Stroman served in the Army for three years, including 16 months in South Korea during the Korean War.
“They were going to draft me, but they wouldn’t let me graduate at Kirksville because I couldn’t get a deferment for my music or English majors,” he said. I went to Leonard Wood and I was in an army band and of course when you get in the army you get three years of service so you get an extra year that way, but if you get drafted you get two I only serve a year.
“One day, they were billed by the headquarters, and 12 were to go to Europe and 12 to go to South Korea.

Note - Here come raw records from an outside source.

lemma sum_norm_fourier_sq_eq:
  "complex_of_real (\<Sum>\<xi>\<in>parab R. (cmod (fourier R e g \<xi>))\<^sup>2) =
     (\<Sum>x\<in>cube R. \<Sum>y\<in>cube R. g x * cnj (g y) * parab_char_sum (diff3 x y))"
proof -
  have "complex_of_real (\<Sum>\<xi>\<in>parab R. (cmod (fourier R e g \<xi>))\<^sup>2) =
      (\<Sum>\<xi>\<in>parab R. fourier R e g \<xi> * cnj (fourier R e g \<xi>))"
    unfolding of_real_sum by (intro sum.cong refl complex_norm_square)
  also have "\<dots> = (\<Sum>\<xi>\<in>parab R. \<Sum>x\<in>cube R. \<Sum>y\<in>cube R.
                    g x * cnj (g y) * e (\<ominus> dot3 R (diff3 x y) \<xi>))"
  proof (rule sum.cong[OF refl])
    fix \<xi> assume "\<xi> \<in> parab R"
    hence \<xi>: "\<xi> \<in> cube R" using parab_subset_cube by auto
    have "fourier R e g \<xi> * cnj (fourier R e g \<xi>) =
        (\<Sum>x\<in>cube R. \<Sum>y\<in>cube R. (g x * e (\<ominus> dot3 R x \<xi>)) * (cnj (g y) * cnj (e (\<ominus> dot3 R y \<xi>))))"
      unfolding fourier_def by (simp add: sum_product cnj_sum)
    also have "\<dots> = (\<Sum>x\<in>cube R. \<Sum>y\<in>cube R. g x * cnj (g y) * e (\<ominus> dot3 R (diff3 x y) \<xi>))"
      using \<xi> by (intro sum.cong refl) (simp add: char_dot3_mult_cnj[symmetric] mult_ac)
    finally show "fourier R e g \<xi> * cnj (fourier R e g \<xi>) = \<dots>" .
  qed
  also have "\<dots> = (\<Sum>x\<in>cube R. \<Sum>y\<in>cube R. g x * cnj (g y) * parab_char_sum (diff3 x y))"
    unfolding parab_char_sum_def sum_distrib_left
    by (subst sum.swap, rule sum.cong[OF refl], rule sum.swap)
  finally show ?thesis .
qed

lemma norm_parab_char_sum_diff3_le:
  assumes "x \<in> cube R" "y \<in> cube R"
  shows "cmod (parab_char_sum (diff3 x y)) \<le> real N + (if x = y then real N ^ 2 else 0)"
  using norm_parab_char_sum_le[OF diff3_closed[OF assms]]
    norm_parab_char_sum_le_card[OF diff3_closed[OF assms]] diff3_eq_zero_iff[OF assms]
  by auto
(* Let $Z=\operatorname{diag}(z_1,\dots,z_N)$ with distinct real $z_i$, and let $\bm w_1,\bm w_2,\bm v_1\in\mathbb{R}^N$ satisfy $\bm w_1^T\bm v_1=1$, $\bm w_2^T\bm v_1=0$, $\bm w_2^TZ\bm v_1=1$. Run the following recursion: $b_0=\bm w_1^TZ\bm v_1$; $\bm v_2=Z\bm v_1-b_0\bm v_1$; $b_1=\bm w_2^TZ\bm v_2$, $c_1=\bm w_1^TZ\bm v_2$; $\bm v_3=Z\bm v_2-b_1\bm v_2-c_1\bm v_1$; $\hat{\bm w}_3=Z\bm w_1-c_1\bm w_2-b_0\bm w_1$; $d_2=\bm w_1^TZ\bm v_3$, $\bm w_3=\hat{\bm w}_3/d_2$; then for $n=3,\dots,N-1$: $b_{n-1}=\bm w_n^TZ\bm v_n$, $c_{n-1}=\bm w_{n-1}^TZ\bm v_n$, $\bm v_{n+1}=Z\bm v_n-b_{n-1}\bm v_n-c_{n-1}\bm v_{n-1}-d_{n-1}\bm v_{n-2}$, $\hat{\bm w}_{n+1}=Z\bm w_{n-1}-c_{n-1}\bm w_n-b_{n-2}\bm w_{n-1}-\bm w_{n-2}$, $d_n=\bm w_{n-1}^TZ\bm v_{n+1}$, $\bm w_{n+1}=\hat{\bm w}_{n+1}/d_n$; finally $b_{N-1}=\bm w_N^TZ\bm v_N$, $c_{N-1}=\bm w_{N-1}^TZ\bm v_N$. Suppose no breakdown occurs, i.e. $d_n\neq0$ for all $n=2,\dots,N-1$. Then the following inverse eigenvalue problem has a unique solution: find $W,V,H\in\mathbb{R}^{N\times N}$ with $H$ banded upper Hessenberg of the form $H_{i,i}=b_{i-1}$, $H_{i+1,i}=1$, $H_{i,i+1}=c_i$, $H_{i,i+2}=d_{i+1}$ (all other entries zero), such that (D1) the first two columns of $W$ are $\bm w_1,\bm w_2$ and the first column of $V$ is $\bm v_1$; (D2) $W^TV=I_N$; (D3) $W^TZV=H$. Moreover this solution is $W=[\bm w_1,\dots,\bm w_N]$, $V=[\bm v_1,\dots,\bm v_N]$ and $H$ with the coefficients produced by the recursion. *)

theory Defs
  imports "Jordan_Normal_Form.Matrix"
begin

(* Z = diag(z_1,...,z_N), 0-based: entry (i,i) is z i *)
definition diagZ :: "nat \<Rightarrow> (nat \<Rightarrow> real) \<Rightarrow> real mat" where
  "diagZ N z = mat N N (\<lambda>(i,j). if i = j then z i else 0)"

(* The recursion, 1-based: lanc Z w1 w2 v1 n = (v_n, w_n) for n >= 1. Index 0 is unused. *)
fun lanc :: "real mat \<Rightarrow> real vec \<Rightarrow> real vec \<Rightarrow> real vec \<Rightarrow> nat \<Rightarrow> real vec \<times> real vec" where
  "lanc Z w1 w2 v1 0 = (0\<^sub>v (dim_vec v1), 0\<^sub>v (dim_vec v1))"
| "lanc Z w1 w2 v1 (Suc 0) = (v1, w1)"
| "lanc Z w1 w2 v1 (Suc (Suc 0)) =
     (let b0 = w1 \<bullet> (Z *\<^sub>v v1) in (Z *\<^sub>v v1 - b0 \<cdot>\<^sub>v v1, w2))"
| "lanc Z w1 w2 v1 (Suc (Suc (Suc 0))) =
     (let v2 = fst (lanc Z w1 w2 v1 (Suc (Suc 0)));
          b0 = w1 \<bullet> (Z *\<^sub>v v1);
          b1 = w2 \<bullet> (Z *\<^sub>v v2);
          c1 = w1 \<bullet> (Z *\<^sub>v v2);
          v3 = Z *\<^sub>v v2 - b1 \<cdot>\<^sub>v v2 - c1 \<cdot>\<^sub>v v1;
          wh3 = Z *\<^sub>v w1 - c1 \<cdot>\<^sub>v w2 - b0 \<cdot>\<^sub>v w1;
          d2 = w1 \<bullet> (Z *\<^sub>v v3)
      in (v3, (1 / d2) \<cdot>\<^sub>v wh3))"
| "lanc Z w1 w2 v1 (Suc (Suc (Suc (Suc k)))) =
     (let \<comment> \<open>n = k + 3; computes (v_{n+1}, w_{n+1})\<close>
          vn = fst (lanc Z w1 w2 v1 (Suc (Suc (Suc k))));
          wn = snd (lanc Z w1 w2 v1 (Suc (Suc (Suc k))));
          vn1 = fst (lanc Z w1 w2 v1 (Suc (Suc k)));
          wn1 = snd (lanc Z w1 w2 v1 (Suc (Suc k)));
          vn2 = fst (lanc Z w1 w2 v1 (Suc k));
          wn2 = snd (lanc Z w1 w2 v1 (Suc k));
          b_n1 = wn \<bullet> (Z *\<^sub>v vn);
          c_n1 = wn1 \<bullet> (Z *\<^sub>v vn);
          d_n1 = wn2 \<bullet> (Z *\<^sub>v vn);
          b_n2 = wn1 \<bullet> (Z *\<^sub>v vn1);
          vnew = Z *\<^sub>v vn - b_n1 \<cdot>\<^sub>v vn - c_n1 \<cdot>\<^sub>v vn1 - d_n1 \<cdot>\<^sub>v vn2;
          what = Z *\<^sub>v wn1 - c_n1 \<cdot>\<^sub>v wn - b_n2 \<cdot>\<^sub>v wn1 - wn2;
          d_n = wn1 \<bullet> (Z *\<^sub>v vnew)
      in (vnew, (1 / d_n) \<cdot>\<^sub>v what))"
lemma midpoint_defect_extremal_le:
  assumes pos: "\<forall>e\<in>E. 0 < \<sigma> e" and r: "r \<in> admissible E \<Gamma>"
  shows "(\<Sum>e\<in>E. \<sigma> e * midpoint_defect p (extremal \<sigma> e) (r e)) \<le> energy E p \<sigma> r - modulus \<sigma>"
proof -
  have "modulus \<sigma> \<le> energy E p \<sigma> (\<lambda>e. (extremal \<sigma> e + r e) / 2)"
    using pos by (intro Mod_le_energy admissible_midpoint extremal_density r) (auto simp: less_imp_le)
  then show ?thesis
    using energy_midpoint_defect[OF extremal_density(1)[OF pos] r, of p \<sigma>] extremal_density(2)[OF pos]
    by linarith
qed

lemma midpoint_defect_extremal_perturbed_le:
  assumes pos: "\<forall>e\<in>E. 0 < \<sigma> e" "\<forall>e\<in>E. 0 < \<tau> e" and near: "\<forall>e\<in>E. \<bar>\<tau> e - \<sigma> e\<bar> \<le> \<delta>"
    and K: "\<And>e. extremal \<sigma> e \<le> K" "\<And>e. extremal \<tau> e \<le> K" and e0: "e0 \<in> E"
  shows "\<sigma> e0 * midpoint_defect p (extremal \<sigma> e0) (extremal \<tau> e0) \<le> real (card E) * (\<delta> * K powr p)"
proof -
  have nonneg: "0 \<le> extremal \<sigma> e" "0 \<le> extremal \<tau> e" for e
    using admissible_nonneg extremal_density(1) pos by blast+
  have "\<sigma> e0 * midpoint_defect p (extremal \<sigma> e0) (extremal \<tau> e0)
      \<le> (\<Sum>e\<in>E. \<sigma> e * midpoint_defect p (extremal \<sigma> e) (extremal \<tau> e))"
    using pos(1) midpoint_defect_nonneg[OF p_gt_1 nonneg]
    by (intro member_le_sum finite_E e0 mult_nonneg_nonneg) (auto simp: less_imp_le)
  also have "\<dots> \<le> energy E p \<sigma> (extremal \<tau>) - modulus \<sigma>"
    using midpoint_defect_extremal_le[OF pos(1) extremal_density(1)[OF pos(2)]] .
  also have "\<dots> \<le> (\<Sum>e\<in>E. (\<tau> e - \<sigma> e) * (extremal \<sigma> e powr p - extremal \<tau> e powr p))"
    using energy_extremal_density_perturbed[OF pos] by simp
  also have "\<dots> \<le> real (card E) * (\<delta> * K powr p)"
    using nonneg K p_gt_1 by (intro sum_weighted_difference_le near) (auto intro: powr_mono2)
  finally show ?thesis .
qed

lemma extremal_density_close:
  assumes pos: "\<forall>e\<in>E. 0 < \<sigma> e" "\<forall>e\<in>E. 0 < \<tau> e" and near: "\<forall>e\<in>E. \<bar>\<tau> e - \<sigma> e\<bar> \<le> \<delta>"
    and M: "\<And>e. extremal \<sigma> e \<le> M" "\<And>e. extremal \<tau> e \<le> M" and e0: "e0 \<in> E"
    and \<kappa>: "\<And>a b. \<lbrakk>0 \<le> a; a \<le> M; 0 \<le> b; b \<le> M; \<epsilon> \<le> \<bar>a - b\<bar>\<rbrakk> \<Longrightarrow> \<kappa> \<le> midpoint_defect p a b"
    and small: "real (card E) * (\<delta> * M powr p) < \<sigma> e0 * \<kappa>"
  shows "\<bar>extremal \<tau> e0 - extremal \<sigma> e0\<bar> < \<epsilon>"
proof (rule ccontr)
  assume "\<not> ?thesis"
  moreover have "0 \<le> extremal \<sigma> e0" "0 \<le> extremal \<tau> e0"
    using admissible_nonneg extremal_density(1) pos by blast+
  ultimately have "\<kappa> \<le> midpoint_defect p (extremal \<sigma> e0) (extremal \<tau> e0)"
    using M by (intro \<kappa>) (auto simp: abs_minus_commute)
  then have "\<sigma> e0 * \<kappa> \<le> \<sigma> e0 * midpoint_defect p (extremal \<sigma> e0) (extremal \<tau> e0)"
    using pos(1) e0 by (simp add: less_imp_le)
  also have "\<dots> \<le> real (card E) * (\<delta> * M powr p)"
    by (rule midpoint_defect_extremal_perturbed_le[OF pos near M e0])
  finally show False using small by simp
qed

lemma tendsto_extremal_density:
  assumes pos: "\<forall>e\<in>E. 0 < \<sigma> e" and g: "\<forall>e\<in>E. ((\<lambda>x. g x e) \<longlongrightarrow> \<sigma> e) F" and e0: "e0 \<in> E"
  shows "((\<lambda>x. extremal (g x) e0) \<longlongrightarrow> extremal \<sigma> e0) F"
proof (rule tendstoI)
  fix \<epsilon> :: real
  assume "0 < \<epsilon>"
  define c where "c = Min (insert 1 (\<sigma> ` E)) / 2"
  have c: "0 < c" "\<forall>e\<in>E. 2 * c \<le> \<sigma> e"
    using pos finite_E unfolding c_def by (auto simp: Min_gr_iff)
  define M where "M = max 1 (((\<Sum>e\<in>E. \<sigma> e) + real (card E) * c) / c)"
  have bounded: "0 \<le> extremal \<tau> e \<and> extremal \<tau> e \<le> M" if "\<forall>e\<in>E. \<bar>\<tau> e - \<sigma> e\<bar> \<le> c" for \<tau> e
    unfolding M_def by (rule extremal_density_bounded_near[OF c that])
  obtain \<kappa> where \<kappa>: "0 < \<kappa>"
    "\<And>a b. \<lbrakk>0 \<le> a; a \<le> M; 0 \<le> b; b \<le> M; \<epsilon> \<le> \<bar>a - b\<bar>\<rbrakk> \<Longrightarrow> \<kappa> \<le> midpoint_defect p a b"
    using midpoint_defect_uniformly_pos[OF p_gt_1 \<open>0 < \<epsilon>\<close>] by blast
  define \<delta> where "\<delta> = min c (c * \<kappa> / (real (card E) * M powr p + 1))"
  have den: "0 < real (card E) * M powr p + 1"
    by (simp add: add_nonneg_pos)
  have \<delta>: "0 < \<delta>" "\<delta> \<le> c"
    using c \<kappa> den by (auto simp: \<delta>_def)
  have "real (card E) * (\<delta> * M powr p) < \<delta> * (real (card E) * M powr p + 1)"
    using \<delta> by (simp add: algebra_simps)
  also have "\<dots> \<le> c * \<kappa>"
  proof -
    have "\<delta> \<le> c * \<kappa> / (real (card E) * M powr p + 1)" by (simp add: \<delta>_def)
    then show ?thesis using den by (simp add: pos_le_divide_eq mult.commute)
  qed
  finally have small: "real (card E) * (\<delta> * M powr p) < c * \<kappa>" .
  have \<rho>M: "0 \<le> extremal \<sigma> e \<and> extremal \<sigma> e \<le> M" for e
    using bounded[of \<sigma>] c by simp
  have "eventually (\<lambda>x. \<forall>e\<in>E. \<bar>g x e - \<sigma> e\<bar> < \<delta>) F"
  proof (rule eventually_ball_finite[OF finite_E], intro ballI)
    fix e assume "e \<in> E"
    with tendstoD[OF g[rule_format] \<open>0 < \<delta>\<close>] show "eventually (\<lambda>x. \<bar>g x e - \<sigma> e\<bar> < \<delta>) F"
      by (simp add: dist_real_def)
  qed
  then show "eventually (\<lambda>x. dist (extremal (g x) e0) (extremal \<sigma> e0) < \<epsilon>) F"
  proof eventually_elim
    case (elim x)
    have near: "\<forall>e\<in>E. \<bar>g x e - \<sigma> e\<bar> \<le> \<delta>" using elim by force
    then have near_c: "\<forall>e\<in>E. \<bar>g x e - \<sigma> e\<bar> \<le> c" using \<delta> by force
    then have pos_g: "\<forall>e\<in>E. 0 < g x e" using c by force
    have M: "extremal \<sigma> e \<le> M" "extremal (g x) e \<le> M" for e
      using \<rho>M bounded[OF near_c] by auto
    have "c * \<kappa> \<le> \<sigma> e0 * \<kappa>" using c e0 \<kappa> by (intro mult_right_mono) auto
    then have "real (card E) * (\<delta> * M powr p) < \<sigma> e0 * \<kappa>" using small by linarith
    then show ?case
      using extremal_density_close[OF pos pos_g near M e0 \<kappa>(2)] by (simp add: dist_real_def)
  qed
qed
lemma hD_closed_distinct_roots:
  assumes "n \<ge> 3"
  obtains r where "inj_on r {..<n}" and "\<And>j. j < n \<Longrightarrow> poly (hD_closed n) (r j) = 0"
proof -
  obtain f where f_inj: "inj_on f {..<n}" and f: "\<And>j. j < n \<Longrightarrow> f j \<in> {0<..<pi} \<and> hD_trig n (f j) = 0"
    using hD_trig_roots[OF assms] by blast
  define r where "r j = - (tan (f j / 2))\<^sup>2" for j
  have "inj_on r {..<n}"
  proof (rule inj_onI)
    fix j j'
    assume "j \<in> {..<n}" "j' \<in> {..<n}" "r j = r j'"
    then show "j = j'"
      using inj_on_tan_half_square f f_inj by (auto simp: r_def inj_on_def)
  qed
  moreover have "poly (hD_closed n) (r j) = 0" if "j < n" for j
    using hD_closed_root_tan_half[of n "f j"] f[OF that] assms by (simp add: r_def)
  ultimately show ?thesis
    using that by blast
qed

lemma hD_closed_real_rooted:
  assumes "n \<ge> 2"
  shows "real_rooted (hD_closed n)"
proof (cases "n = 2")
  case True
  have "poly (map_poly complex_of_real (hD_closed 2)) z = (z + 1)\<^sup>2" for z
    by (simp add: hD_closed_def numeral_2_eq_2 map_poly_pCons algebra_simps power2_eq_square)
  then show ?thesis
    using True by (auto simp: real_rooted_def add_eq_0_iff2)
next
  case False
  with assms have "n \<ge> 3"
    by simp
  then obtain r where "inj_on r {..<n}" and "\<And>j. j < n \<Longrightarrow> poly (hD_closed n) (r j) = 0"
    using hD_closed_distinct_roots by blast
  moreover have "hD_closed n \<noteq> 0"
    using poly_hD_closed_0[of n] by auto
  ultimately show ?thesis
    using degree_hD_closed[OF assms]
    by (intro real_rooted_if_real_roots[where A = "r ` {..<n}"]) (auto simp: card_image)
qed

section \<open>Counting integer vectors by \<open>l\<^sub>1\<close>-norm\<close>

definition Zvecs :: "nat \<Rightarrow> vec set" where
  "Zvecs n = {v. \<forall>i\<ge>n. v i = 0}"

definition l1_norm :: "nat \<Rightarrow> vec \<Rightarrow> nat" where
  "l1_norm n v = (\<Sum>i<n. nat \<bar>v i\<bar>)"

lemma int_l1_norm: "int (l1_norm n v) = (\<Sum>i<n. \<bar>v i\<bar>)"
  by (simp add: l1_norm_def)

lemma l1_norm_Suc: "l1_norm (Suc n) v = l1_norm n (v(n := 0)) + nat \<bar>v n\<bar>"
  unfolding l1_norm_def by (auto intro: sum.cong)

lemma abs_le_l1_norm: "i < n \<Longrightarrow> \<bar>v i\<bar> \<le> int (l1_norm n v)"
  unfolding int_l1_norm by (rule member_le_sum) auto

lemma finite_l1_ball: "finite {v \<in> Zvecs n. l1_norm n v \<le> m}"
proof (rule finite_subset)
  show "{v \<in> Zvecs n. l1_norm n v \<le> m}
        \<subseteq> {v. \<forall>i. (i \<in> {..<n} \<longrightarrow> v i \<in> {-int m..int m}) \<and> (i \<notin> {..<n} \<longrightarrow> v i = 0)}"
  proof (intro subsetI CollectI allI conjI impI)
    fix v i
    assume v: "v \<in> {v \<in> Zvecs n. l1_norm n v \<le> m}"
    show "v i \<in> {-int m..int m}" if "i \<in> {..<n}"
      using abs_le_l1_norm[of i n v] that v by auto
    show "v i = 0" if "i \<notin> {..<n}"
      using that v by (simp add: Zvecs_def)
  qed
qed (rule finite_set_of_finite_funs; simp)

lemma card_Zvecs_Suc_fibres:
  assumes "finite S" and "\<And>a. a \<in> S \<Longrightarrow> finite {w \<in> Zvecs n. P w a}"
  shows "card {v \<in> Zvecs (Suc n). v n \<in> S \<and> P (v(n := 0)) (v n)} = (\<Sum>a\<in>S. card {w \<in> Zvecs n. P w a})"
proof -
  have "bij_betw (\<lambda>v. (v n, v(n := 0))) {v \<in> Zvecs (Suc n). v n \<in> S \<and> P (v(n := 0)) (v n)}
          (SIGMA a:S. {w \<in> Zvecs n. P w a})"
  proof (rule bij_betw_byWitness[where f' = "\<lambda>(a, w). w(n := a)"])
    have "w(n := 0) = w" if "w \<in> Zvecs n" for w
      using that by (simp add: Zvecs_def fun_upd_idem)
    then show "(\<lambda>v. (v n, v(n := 0))) ` {v \<in> Zvecs (Suc n). v n \<in> S \<and> P (v(n := 0)) (v n)}
               \<subseteq> (SIGMA a:S. {w \<in> Zvecs n. P w a})"
      and "(\<lambda>(a, w). w(n := a)) ` (SIGMA a:S. {w \<in> Zvecs n. P w a})
               \<subseteq> {v \<in> Zvecs (Suc n). v n \<in> S \<and> P (v(n := 0)) (v n)}"
      by (auto simp: Zvecs_def)
  qed (auto simp: Zvecs_def fun_eq_iff)
  then show ?thesis
    using assms by (simp add: bij_betw_same_card)
qed

lemma sum_abs_symmetric:
  fixes g :: "nat \<Rightarrow> 'a :: comm_semiring_1"
  shows "(\<Sum>a = -int m..int m. g (nat \<bar>a\<bar>)) = g 0 + 2 * (\<Sum>j = 1..m. g j)"
proof (induction m)
  case (Suc m)
  have "{-int (Suc m)..int (Suc m)} = insert (int (Suc m)) (insert (- int (Suc m)) {-int m..int m})"
    by auto
  moreover have "nat (1 + int m) = Suc m"
    by simp
  ultimately show ?case
    using Suc.IH by (simp add: algebra_simps mult_2)
qed simp

definition l1_parity_count :: "nat \<Rightarrow> nat \<Rightarrow> nat" where
  "l1_parity_count n m = card {v \<in> Zvecs n. l1_norm n v \<le> m \<and> even (l1_norm n v + m)}"

lemma l1_parity_count_0: "l1_parity_count 0 m = (if even m then 1 else 0)"
proof -
  have "Zvecs 0 = {\<lambda>_. 0}"
    by (auto simp: Zvecs_def)
  then show ?thesis
    by (auto simp: l1_parity_count_def l1_norm_def)
qed
fun zmax_mul :: "zmax \<Rightarrow> zmax \<Rightarrow> zmax" where
  "zmax_mul (Some a) (Some b) = Some (a + b)"
| "zmax_mul _ _ = None"

definition zmax_zero :: zmax where "zmax_zero = None"
definition zmax_one :: zmax where "zmax_one = Some 0"

text \<open>The semiring is the whole type 'a with its operations +, *, 0, 1.\<close>

definition is_semiring :: "('a::{plus,times,zero,one}) itself \<Rightarrow> bool" where
  "is_semiring _ \<longleftrightarrow>
     (\<forall>a b c::'a. (a + b) + c = a + (b + c)) \<and>
     (\<forall>a b::'a. a + b = b + a) \<and>
     (\<forall>a::'a. 0 + a = a) \<and>
     (\<forall>a b c::'a. (a * b) * c = a * (b * c)) \<and>
     (\<forall>a::'a. 1 * a = a \<and> a * 1 = a) \<and>
     (\<forall>a b c::'a. a * (b + c) = a * b + a * c) \<and>
     (\<forall>a b c::'a. (a + b) * c = a * c + b * c)"

definition sr_units :: "('a::{times,one}) set" where
  "sr_units = {x. \<exists>y. x * y = 1 \<and> y * x = 1}"

definition is_division_semiring :: "('a::{plus,times,zero,one}) itself \<Rightarrow> bool" where
  "is_division_semiring T \<longleftrightarrow> is_semiring T \<and> (\<forall>x::'a. x \<noteq> 0 \<longrightarrow> x \<in> sr_units)"

definition is_division_semialgebra_zmax :: "(zmax \<Rightarrow> 'a::{plus,times,zero,one}) \<Rightarrow> bool" where
  "is_division_semialgebra_zmax phi \<longleftrightarrow>
     is_division_semiring TYPE('a) \<and>
     (\<forall>x y. phi (zmax_add x y) = phi x + phi y) \<and>
     (\<forall>x y. phi (zmax_mul x y) = phi x * phi y) \<and>
     phi zmax_zero = 0 \<and> phi zmax_one = 1 \<and>
     inj phi \<and>
     (\<forall>k (d::'a). phi k * d = d * phi k)"

definition units_group :: "('a::{times,one}) monoid" where
  "units_group = \<lparr>carrier = sr_units, monoid.mult = (*), monoid.one = 1\<rparr>"

text \<open>Image of Z_max^x = Z (the elements Some k).\<close>
definition scalar_units :: "(zmax \<Rightarrow> 'a) \<Rightarrow> 'a set" where
  "scalar_units phi = phi ` range Some"

definition unit_quotient :: "(zmax \<Rightarrow> ('a::{times,one})) \<Rightarrow> 'a set monoid" where
  "unit_quotient phi = units_group Mod scalar_units phi"

end

theory Submission
  imports Defs
begin

(* Identify Z_max^x = Z with its image N in D^x, a central subgroup. D is idempotent (1 + 1 = 1),
   so x <= y iff x + y = y is a partial order compatible with multiplication. As G = D^x / N is
   finite, some power u^M of each unit u lies in N = Z and is therefore comparable with 1;
   expanding (1 + u)^M shows that u itself is then comparable with 1. Hence the order is total on
   D^x, and n-th roots in D^x are unique. Now if N x has order n in G, then x^n = a in Z with
   gcd(a, n) = 1, since otherwise uniqueness of roots would put a smaller power of x into N.
   Given a second coset N y of order n, with y^n = b, write b = r a + n q; then (x^r q)^n = y^n,
   so y = x^r q and N y is a power of N x. *)

section \<open>Groups with unique roots and a central copy of the integers\<close>

locale unique_roots_group = group +
  assumes pow_eq_pow_imp_eq:
    "\<lbrakk>x \<in> carrier G; y \<in> carrier G; 0 < n; x [^] (n::nat) = y [^] n\<rbrakk> \<Longrightarrow> x = y"

locale central_int_subgroup = group +
  fixes f :: "int \<Rightarrow> 'a"
  assumes f_hom: "f \<in> hom integer_group G"
    and f_central: "x \<in> carrier G \<Longrightarrow> f k \<otimes> x = x \<otimes> f k"
begin

lemma f_closed: "f k \<in> carrier G"
  using f_hom by (auto simp: hom_def)

lemma f_add: "f (a + b) = f a \<otimes> f b"
  using f_hom by (auto simp: hom_def)

lemma f_int_pow: "f a [^] (k::int) = f (k * a)"
  using group_hom.hom_int_pow[of integer_group G f a k] f_hom
  by (simp add: group_hom_def group_hom_axioms_def is_group)

lemma f_pow: "f a [^] (n::nat) = f (int n * a)"
  using f_int_pow[of a "int n"] by (simp add: int_pow_int)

I didn’t have it, so I was sent to Korea. ”
While in South Korea, Stroman was ordered to report to 9th Infantry Regiment headquarters because his typing skills were in Army records. But Strowman is the first to admit that he wasn’t a lightning-quick typist.
“When I was taking a typing class in high school, they changed the letters on the keys to no letters. I was on vacation with my parents at the time,” Strowman said. “When I came back, the letters were gone. I had to come at night and learn where those letters were. I reached a staggering speed of 28 words per minute.”
“I was in the 9th Infantry Regiment that morning, poking at the typewriter with the short paragraph they assigned me,” he said. typist. I just couldn’t get to the front line.”
The front line was only a mile (1.6 km) away, and Stromann was terrified on his first day on the job.
“We were north of Seoul, almost near the 38th parallel, sitting in a tent and doing what we had to do,” he said. “Suddenly, everyone in the tent fell to the floor.
“Our plane dropped a bomb near us because they thought we were a North Korean group,” he said. After that, he learned how to know when the plane was coming. ”
Upon returning to the United States from South Korea, Stroman spent the remainder of his Army duty at Fort Bliss, Texas, where he was in charge of a rotation group of soldiers and helped send soldiers to their next destination.
After the war, Stroman completed a bachelor’s degree at Northeast Missouri State Teachers College, moved to Iowa State University, and ended up in Edwardsville, where he taught at Wood River.
“I liked music more than artwork, so I decided to teach art and enjoy music,” Stroman said.
Stroman has two children, daughter Stephanie Nunes and son Stephen Stroman, and four grandchildren.
Marilyn Stroman died in January 2009 at the age of 79, just months before the couple’s 55th wedding anniversary.
For over 60 years, Stroman has been part of the Edwardsville community.
“I have served as commander of the Edwardsville American Legion three times,” said Stroman, a longtime member of St. John’s Methodist Church of Edwardsville. “I couldn’t join the Corps right after I came here because I was too busy with my teaching career and other things. I joined the Corps around the time of our 55th high school reunion. I was doing it, so it was a natural thing for me.”